■ YOUR INSTRUCTIONS
Find all lines in the records that include the word "lambda", and copy them out.

Collected data entries
=== Begin Enclosure ===

(* Let $\varphi$ be an Orlicz $N$-function with Young–Fenchel transform $\psi$. Let $\{X_{k,n},k\ge1,n\ge1\}$ be a double array of $\varphi$-subgaussian random variables, let $g$ be a positive non-decreasing function, set $a_{m,j}=g(\ln(mj))\psi^{-1}(\ln(mj))$, $Y_{m,j}=\max_{1\le k\le m,1\le n\le j}X_{k,n}-a_{m,j}$ and $Y^+_{m,j}=\max(Y_{m,j},0)$. Let $\alpha\in\mathbb R$. Suppose there is a positive-valued function $f$ such that for all $m,j\ge1$, $1\le k\le m$, $1\le n\le j$, $$\frac{g(\ln(mj))}{\tau_\varphi(X_{k,n})}\ge f\left(\frac{mj}{kn}\right)\ge1,$$ and $$\sum_{m=1}^\infty\sum_{j=1}^\infty\sum_{k=1}^m\sum_{n=1}^j(mj)^{-\alpha-f\left(\frac{mj}{kn}\right)}<+\infty.$$ Then $$\sum_{m=1}^\infty\sum_{j=1}^\infty(mj)^{-\alpha}P(Y^+_{m,j}>0)<+\infty.$$
   Context: An Orlicz $N$-function is a continuous even convex function $\varphi:\mathbb R\to\mathbb R$ with $\varphi(0)=0$, increasing on $(0,\infty)$, with $\varphi(x)/x\to0$ as $x\to0$ and $\varphi(x)/x\to+\infty$ as $x\to+\infty$. The Young–Fenchel transform is $\psi(x)=\sup_{y\in\mathbb R}(xy-\varphi(y))$ (itself an Orlicz $N$-function); $\psi^{-1}$ is the inverse of $\psi$ on $[0,\infty)$. A random variable $X$ is $\varphi$-subgaussian if $EX=0$ and there is a finite $a>0$ with $E\exp(tX)\le\exp(\varphi(at))$ for all $t$; $\tau_\varphi(X)=\inf\{a>0:E\exp(tX)\le\exp(\varphi(at))\ \forall t\}$. *)

theory Defs
  imports "HOL-Probability.Probability"
begin
lemma gauss_factor_le_arctan_kernel:
  fixes a b L :: real
  assumes a: "0 \<le> a" and b: "0 < b" and L: "0 < L"
  obtains K where "0 < K" and "\<And>s t. 0 < s \<Longrightarrow> 0 < t \<Longrightarrow> L \<le> b\<^sup>2 * s \<Longrightarrow>
    t powr (-a) * (if s \<le> t then 1 else s\<^sup>2 / t\<^sup>2) * exp (- (b\<^sup>2 * (t - s)\<^sup>2 / t))
      \<le> K * s powr (1/2 - a) * arctan_kernel b s t"
proof
  define K where "K = 2 * max 2 (1 / L) ^ (nat \<lceil>a\<rceil> + 2) * real (nat \<lceil>a\<rceil> + 3) ^ (nat \<lceil>a\<rceil> + 3)"
  show "0 < K" by (simp add: K_def)
  fix s t :: real
  assume s: "0 < s" and t: "0 < t" and l: "L \<le> b\<^sup>2 * s"
  define u where "u = t / s"
  define x where "x = b\<^sup>2 * (t - s)\<^sup>2 / t"
  define Q where "Q = 2 * u * sqrt u / (u + 1)"
  have u: "0 < u" and x: "0 \<le> x" using s t by (simp_all add: u_def x_def)
  have Q: "0 < Q" using u by (simp add: Q_def)
  have "b\<^sup>2 * s * (u - 1)\<^sup>2 / u = x"
    using s t by (simp add: u_def x_def field_simps power2_eq_square)
  then have "u powr (-a) * (if 1 \<le> u then 1 else 1 / u\<^sup>2) * Q * ((1 + x) * exp (-x)) \<le> K"
    using rescaled_weight_mult_exp_le[OF u a L l] unfolding K_def Q_def by simp
  then have "u powr (-a) * (if 1 \<le> u then 1 else 1 / u\<^sup>2) * exp (-x) * ((1 + x) * Q) \<le> K"
    by (simp only: mult_ac)
  then have bound: "u powr (-a) * (if 1 \<le> u then 1 else 1 / u\<^sup>2) * exp (-x) \<le> K / ((1 + x) * Q)"
    using Q x by (simp add: pos_le_divide_eq)
  have m: "(if s \<le> t then 1 else s\<^sup>2 / t\<^sup>2) = (if 1 \<le> u then 1 else 1 / u\<^sup>2)"
    using s by (simp add: u_def power_divide)
  have tu: "t powr (-a) = s powr (-a) * u powr (-a)" using s u by (simp add: u_def powr_mult[symmetric])
  have kernel: "s powr (1/2 - a) * arctan_kernel b s t = s powr (-a) / ((1 + x) * Q)"
    using s u x powr_half_minus_eq[OF s, of a] unfolding arctan_kernel_def x_def[symmetric] Q_def
    by (simp add: u_def real_sqrt_divide field_simps)
  have "t powr (-a) * (if s \<le> t then 1 else s\<^sup>2 / t\<^sup>2) * exp (- (b\<^sup>2 * (t - s)\<^sup>2 / t))
      = s powr (-a) * (u powr (-a) * (if 1 \<le> u then 1 else 1 / u\<^sup>2) * exp (-x))"
    unfolding tu m x_def by (simp add: ac_simps)
  also have "\<dots> \<le> s powr (-a) * (K / ((1 + x) * Q))"
    using bound by (intro mult_left_mono) auto
  also have "\<dots> = K * s powr (1/2 - a) * arctan_kernel b s t"
    unfolding mult.assoc kernel by simp
  finally show "t powr (-a) * (if s \<le> t then 1 else s\<^sup>2 / t\<^sup>2) * exp (- (b\<^sup>2 * (t - s)\<^sup>2 / t))
      \<le> K * s powr (1/2 - a) * arctan_kernel b s t" .
qed

definition reduced_integrand :: "real \<Rightarrow> real \<Rightarrow> (real \<Rightarrow> real) \<Rightarrow> real \<Rightarrow> real \<Rightarrow> real" where
  "reduced_integrand a b f s t = t powr (-a) * f t * exp (- (b\<^sup>2 * (t - s)\<^sup>2 / t))"

lemma integrandA1_eq_reduced:
  assumes b: "0 < b" and c: "0 < c" and r: "0 < r" and t: "0 < t"
  shows "integrandA1 a b c f r t = exp (- (2 * b / c * r)) * reduced_integrand a b f (r / (b * c)) t"
proof -
  have "- (b\<^sup>2 * t) - r\<^sup>2 / (c\<^sup>2 * t) = - (2 * b / c * r) - b\<^sup>2 * (t - r / (b * c))\<^sup>2 / t"
    using b c r t by (simp add: field_simps power2_eq_square)
  then have "exp (- (b\<^sup>2 * t)) * exp (- (r\<^sup>2 / (c\<^sup>2 * t)))
      = exp (- (2 * b / c * r)) * exp (- (b\<^sup>2 * (t - r / (b * c))\<^sup>2 / t))"
    by (simp add: exp_add[symmetric])
  then show ?thesis
    unfolding integrandA1_def reduced_integrand_def by (simp add: ac_simps)
qed

lemma FA1_eq_reduced:
  assumes b: "0 < b" and c: "0 < c" and r: "0 < r"
  shows "set_integrable lborel {0<..} (integrandA1 a b c f r)
      \<longleftrightarrow> set_integrable lborel {0<..} (reduced_integrand a b f (r / (b * c)))"
    and "FA1 a b c f r = exp (- (2 * b / c * r)) * (LBINT t:{0<..}. reduced_integrand a b f (r / (b * c)) t)"
proof -
  define g where "g = (\<lambda>t. exp (- (2 * b / c * r)) * reduced_integrand a b f (r / (b * c)) t)"
  have eq: "\<forall>t. t \<in> {0<..} \<longrightarrow> integrandA1 a b c f r t = g t"
    using integrandA1_eq_reduced[OF b c r] by (simp add: g_def)
  show "set_integrable lborel {0<..} (integrandA1 a b c f r)
      \<longleftrightarrow> set_integrable lborel {0<..} (reduced_integrand a b f (r / (b * c)))"
    using set_integrable_cong[of lborel lborel "{0<..}" "{0<..}" "integrandA1 a b c f r" g] eq
    by (simp add: g_def)
  show "FA1 a b c f r = exp (- (2 * b / c * r)) * (LBINT t:{0<..}. reduced_integrand a b f (r / (b * c)) t)"
  proof -
    have "FA1 a b c f r = (LBINT t:{0<..}. g t)"
      unfolding FA1_def by (rule set_lebesgue_integral_cong) (use eq in simp_all)
    then show ?thesis by (simp add: g_def)
  qed
qed

lemma borel_measurable_antimono_on_pos:
  fixes f :: "real \<Rightarrow> real"
  assumes "\<forall>s t. 0 < s \<longrightarrow> s \<le> t \<longrightarrow> f t \<le> f s"
  shows "f \<in> borel_measurable (restrict_space lborel {0<..})"
proof -
  have "mono_on {0<..} (\<lambda>x. - f x)" using assms by (auto simp: mono_on_def)
  then have "(\<lambda>x. - (- f x)) \<in> borel_measurable (restrict_space borel {0<..})"
    by (intro borel_measurable_uminus borel_measurable_mono_on_fnc)
  then show ?thesis
    by (simp cong: measurable_cong_sets[OF sets_restrict_space_cong[OF sets_lborel] refl])
qed

lemma reduced_integrand_measurable:
  assumes "\<forall>s t. 0 < s \<longrightarrow> s \<le> t \<longrightarrow> f t \<le> f s"
  shows "set_borel_measurable lborel {0<..} (reduced_integrand a b f s)"
  unfolding set_borel_measurable_def
proof (subst borel_measurable_restrict_space_iff[symmetric])
  show "{0::real<..} \<inter> space lborel \<in> sets lborel" by simp
  show "reduced_integrand a b f s \<in> borel_measurable (restrict_space lborel {0<..})"
    unfolding reduced_integrand_def
    by (intro borel_measurable_times measurable_restrict_space1
        borel_measurable_antimono_on_pos[OF assms]) measurable
qed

=== End Enclosure ===

■ WRITTEN REPLY
  define g where "g = (\<lambda>t. exp (- (2 * b / c * r)) * reduced_integrand a b f (r / (b * c)) t)"
  have "mono_on {0<..} (\<lambda>x. - f x)" using assms by (auto simp: mono_on_def)
  then have "(\<lambda>x. - (- f x)) \<in> borel_measurable (restrict_space borel {0<..})"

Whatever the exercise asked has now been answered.